The process begins when a follower chooses a signal provider whose trading style matches their risk appetite. After linking the accounts, the copy‑trading engine reads the provider’s trade signals—entry price, stop‑loss, take‑profit, and lot size—and executes identical trades in the follower’s account using the same leverage and instrument. The replication is typically proportional: if the follower allocates 10 % of their equity to a provider, each trade size is scaled to 10 % of the provider’s position. Adjustments can be made on the fly, such as pausing copying, changing allocation percentages, or stopping altogether, without affecting the provider’s own account.

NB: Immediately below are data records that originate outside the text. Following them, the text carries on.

(* Consider an $N_r\times N_t$ MIMO setting with constellations $\mathcal{A}_0,\dots,\mathcal{A}_{N_t-1}$ and the associated pseudo-Boolean function $f(z_0,\dots,z_{N-1})=\sum_{S}\bar d_S\prod_{n\in S}z_n$ defined in the context. Let $S\subseteq\{0,\dots,N-1\}$ and suppose there is an antenna index $k$ such that, writing $S_k=S\cap\mathcal{N}_k$, the points $a^{(k)}_{t}\in\mathcal{A}_k$ whose local $N_k$-bit labels $[t]_2$ have bit $0$ at every local position corresponding to $\mathcal{N}_k\setminus S_k$ form a family of rectangles in $\mathbb{C}$ (each with four of these points as vertices, together covering all of them) such that no two rectangles share a vertex, and in each rectangle the local labels of one diagonal pair both contain an odd number of $0$s while those of the other diagonal pair both contain an even number of $0$s. Then $\bar d_S=0$ for all $\mathbf{y}\in\mathbb{C}^{N_r}$ and $\mathbf{H}\in\mathbb{C}^{N_r\times N_t}$.
   Context: For $k=0,\dots,N_t-1$, $\mathcal{A}_k=\{a^{(k)}_0,\dots,a^{(k)}_{M_k-1}\}\subset\mathbb{C}$ with $M_k=2^{N_k}$; the local label of $a^{(k)}_t$ is the $N_k$-bit binary representation $[t]_2$ (most significant bit first). Let $N=\sum_k N_k$ and $\mathcal{N}_k=\{\sum_{l<k}N_l,\dots,\sum_{l\le k}N_l-1\}$. A joint index $i\in\{0,\dots,2^N-1\}$ corresponds to a tuple $(i_0,\dots,i_{N_t-1})$ via concatenation of binary representations: the $N$-bit representation $b_0(i)\cdots b_{N-1}(i)$ of $i$ equals $[i_0]_2[i_1]_2\cdots[i_{N_t-1}]_2$, so bits at positions $\mathcal{N}_k$ form $[i_k]_2$. Given received vector $\mathbf{y}=(y_0,\dots,y_{N_r-1})$ and channel matrix $\mathbf{H}=(h_{l,k})$, set $d_{l,i}=\big|y_l-\sum_{k}h_{l,k}a^{(k)}_{i_k}\big|^2$ and $f(z_0,\dots,z_{N-1})=\sum_{l=0}^{N_r-1}\sum_{i}d_{l,i}\prod_{n=0}^{N-1}B_{i,n}(z_n)$, $z_n\in\{0,1\}$, where $B_{i,n}(z)=z$ if $b_n(i)=1$ and $1-z$ if $b_n(i)=0$. Its multilinear expansion is $f=\sum_{S\subseteq\{0,\dots,N-1\}}\bar d_S\prod_{n\in S}z_n$, with $\bar d_S=\sum_{l}\sum_{i:\,b_n(i)=0\ \forall n\notin S}d_{l,i}\prod_{n\in S}(-1)^{1-b_n(i)}$. *)

theory Defs
  imports Complex_Main
begin

text \<open>Antennas k < Nt; antenna k carries Nb k bits; constellation point a k t (t < 2^(Nb k)).\<close>

definition Ntot :: "(nat \<Rightarrow> nat) \<Rightarrow> nat \<Rightarrow> nat" where
  "Ntot Nb Nt = (\<Sum>k<Nt. Nb k)"

definition offs :: "(nat \<Rightarrow> nat) \<Rightarrow> nat \<Rightarrow> nat" where
  "offs Nb k = (\<Sum>l<k. Nb l)"

definition blk :: "(nat \<Rightarrow> nat) \<Rightarrow> nat \<Rightarrow> nat set" where
  "blk Nb k = {offs Nb k ..< offs Nb k + Nb k}"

Why It Matters for Traders

Copy trading lowers the barrier to entry for novice forex participants by giving them access to strategies developed by seasoned traders without requiring deep market analysis. It enables diversification across multiple signal providers, reducing reliance on a single approach. For experienced traders, offering signals can generate additional revenue through performance‑based fees or subscription models. Because trades are executed automatically, emotional decision‑making is minimized, and the follower’s discipline aligns with the provider’s predefined risk parameters. Integration with regulated brokers like STB ensures that copied trades benefit from the same security measures, segregation of funds, and transparent reporting available to all clients.

Example

Assume a follower has $10,000 in their MetaTrader 5 account and decides to copy a provider who risks 2 % of equity per trade. The follower allocates 20 % of their capital to this provider, meaning $2,000 is at risk. When the provider opens a 0.1‑lot EUR/USD buy with a 50‑pip stop‑loss, the copy‑trading engine scales the lot size to 0.02‑lot (20 % of 0.1) for the follower. If the trade hits the stop‑loss, both accounts lose $20 (2 % of $1,000 equity for the provider, scaled to 20 % for the follower). Conversely, a 100‑pip win yields $40 profit for the follower, mirroring the provider’s outcome proportionally.

Key Takeaways

  • Copy Trading automates trade replication, linking follower accounts to signal providers in real time.
  • It offers beginners access to proven strategies while allowing experts to monetize their expertise.
  • Proportional scaling ensures risk levels match the follower’s allocated capital, preserving money‑management principles.
  • Platforms like MetaTrader 5 provided by regulated brokers such as STB enhance security, transparency, and ease of use.